Цитаты из книги «Мартин Иден», страница 23
Память - стальной капкан.
Великие певцы не всегда великие актеры. Конечно, прекрасно, когда Барильо ангельским голосом поет любовную арию, а Тетралани вторит ему голосом, еще более ангельским, и все это на фоне яркой, сверкающей всеми красками оркестровой музыки. Не спорю, это огромное наслаждение. Но все впечатление мгновенно разбивается, как только я взгляну на сцену и увижу даму гренадерского роста, весом фунтов в двести, и рядом маленького квадратного человечка, с обрюзгшей физиономией и грудной клеткой кузнеца, которые становятся в позы, хватаются за сердце и размахивают руками, словно обитатели сумасшедшего дома. А я должен верить, что это любовная сцена между юным принцем и прекрасной принцессой. Нет, я не верю. Это чушь, глупость. Это неестественно. Вот в чем дело: это совершенно неестественно. Неужели хоть кто – нибудь объясняется в любви таким образом? Да если бы я вздумал вам так объясняться, вы бы мне надавали пощечин!

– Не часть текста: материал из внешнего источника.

(* Let $a\in\mathbb{R}_{<0}$ and let $(a_1,a_2)$ satisfy one of: $a_1=0$, $a_2\in\mathbb{R}_{<0}$; or $a_1=-1-x+iy$, $a_2=x+iy$ with $-1\le x<0$, $y\in\mathbb{R}_{>0}$; or $-1<a_1,a_2<0$. Let $V$ be the Hilbert tensor product of $N(a_1,a_2)$ and $N(a,0)$ (described in the context). If a simple lowest weight module $N(0,-\lambda)$, of lowest weight $\lambda$, is a Hilbert submodule of $V$, then $\lambda=a_1+a-a_2+2n_0$ for some integer $n_0$. Conversely: (1) if $a_1=0$, then for $n_0\in\mathbb{Z}$ the module $N(0,-a+a_2-2n_0)$, of lowest weight $a-a_2+2n_0$, is a Hilbert submodule of $V$ if and only if $1+a_2-a<2n_0\le0$; (2) if $a_1\neq0$, then for no integer $n_0$ does $V$ have a Hilbert submodule isomorphic to $N(0,-a_1-a+a_2-2n_0)$.
   Context: $\mathfrak{sl}(2,\mathbb{C})$ has basis $H,E,F$ with $[H,E]=2E$, $[H,F]=-2F$, $[E,F]=H$. For $(c_1,c_2)\in\mathbb{C}^2$ let $\mathcal{K}(c_1,c_2)$ be the set of $k\in\mathbb{Z}$ such that for each $i$ with $c_i\in\mathbb{Z}$ one has ($c_i+(-1)^{i-1}k<0$ iff $c_i<0$). $N(c_1,c_2)$ has basis $\{x(k):k\in\mathcal{K}(c_1,c_2)\}$ ($x(k):=0$ otherwise), $H x(k)=(c_1-c_2+2k)x(k)$, and: (I) neither $c_i$ a negative integer: $E x(k)=(c_2-k)x(k+1)$, $F x(k)=(c_1+k)x(k-1)$; (II) only $c_2$ a negative integer: $E x(k)=x(k+1)$, $F x(k)=(c_1+k)(c_2-k+1)x(k-1)$; (III) only $c_1$ a negative integer: $E x(k)=(c_1+k+1)(c_2-k)x(k+1)$, $F x(k)=x(k-1)$; (IV) both: $E x(k)=(c_1+k+1)x(k+1)$, $F x(k)=(c_2-k+1)x(k-1)$. Hilbert structures: on $N(a_1,a_2)$ the $x(k)$ are orthogonal, $\|x(0)\|=1$, and for $k>0$: if $a_2$ is not a negative integer, $\|x(k)\|^2=\prod_{j=1}^k\frac{j+a_1}{j-1-\bar a_2}$ and (when $a_1\neq0$) $\|x(-k)\|^2=\prod_{j=1}^k\frac{j+\bar a_2}{j-1-a_1}$; if $a_1=0$ and $a_2\in\mathbb{Z}_{<0}$, $\|x(k)\|^2=k!\prod_{j=1}^k(j-1-a_2)$. On $N(a,0)$ put $y(l)=x(-l)$, $l\in\mathbb{Z}_{\ge0}$, orthogonal with $\|y(0)\|=1$ and $\|y(l)\|^2=l!/\prod_{j=1}^l(j-1-a)$ if $a\notin\mathbb{Z}$, $\|y(l)\|^2=l!\prod_{j=1}^l(j-1-a)$ if $a\in\mathbb{Z}$. With $z(k,l)=x(k)\otimes y(l)$, $V=\{\sum u_{k,l}z(k,l):\sum|u_{k,l}|^2\|x(k)\|^2\|y(l)\|^2<\infty\}$. $H,E,F$ act on formal sums $\sum u_{k,l}z(k,l)$ termwise via $X(v\otimes w)=Xv\otimes w+v\otimes Xw$. A $\mathfrak{sl}(2,\mathbb{C})$-module $M$ is a Hilbert submodule of $V$ if there is an injective module homomorphism from $M$ into the module of such formal sums with image contained in $V$. *)

theory Defs
  imports "HOL-Analysis.Analysis"
begin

...Да, да! Чуть не погубили мое творчество, мое будущее! Я по натуре реалист, а буржуазная культура не выносит реализма. Буржуазия труслива. Она боится жизни. И вы хотели и меня заставить бояться жизни. Вы стремились запереть меня в тесную клетку, навязать мне неверный, ограниченный, пошлый взгляд на жизнь... Пошлость - пусть вполне искренняя, но все же пошлость есть основа буржуазной культуры, буржуазной утонченной цивилизации. а вы хотели вытравить из мен живую душу, сделать из меня одним из ваших, внушить мне ваши классовые идеалы, классовую мораль, классовые предрассудки.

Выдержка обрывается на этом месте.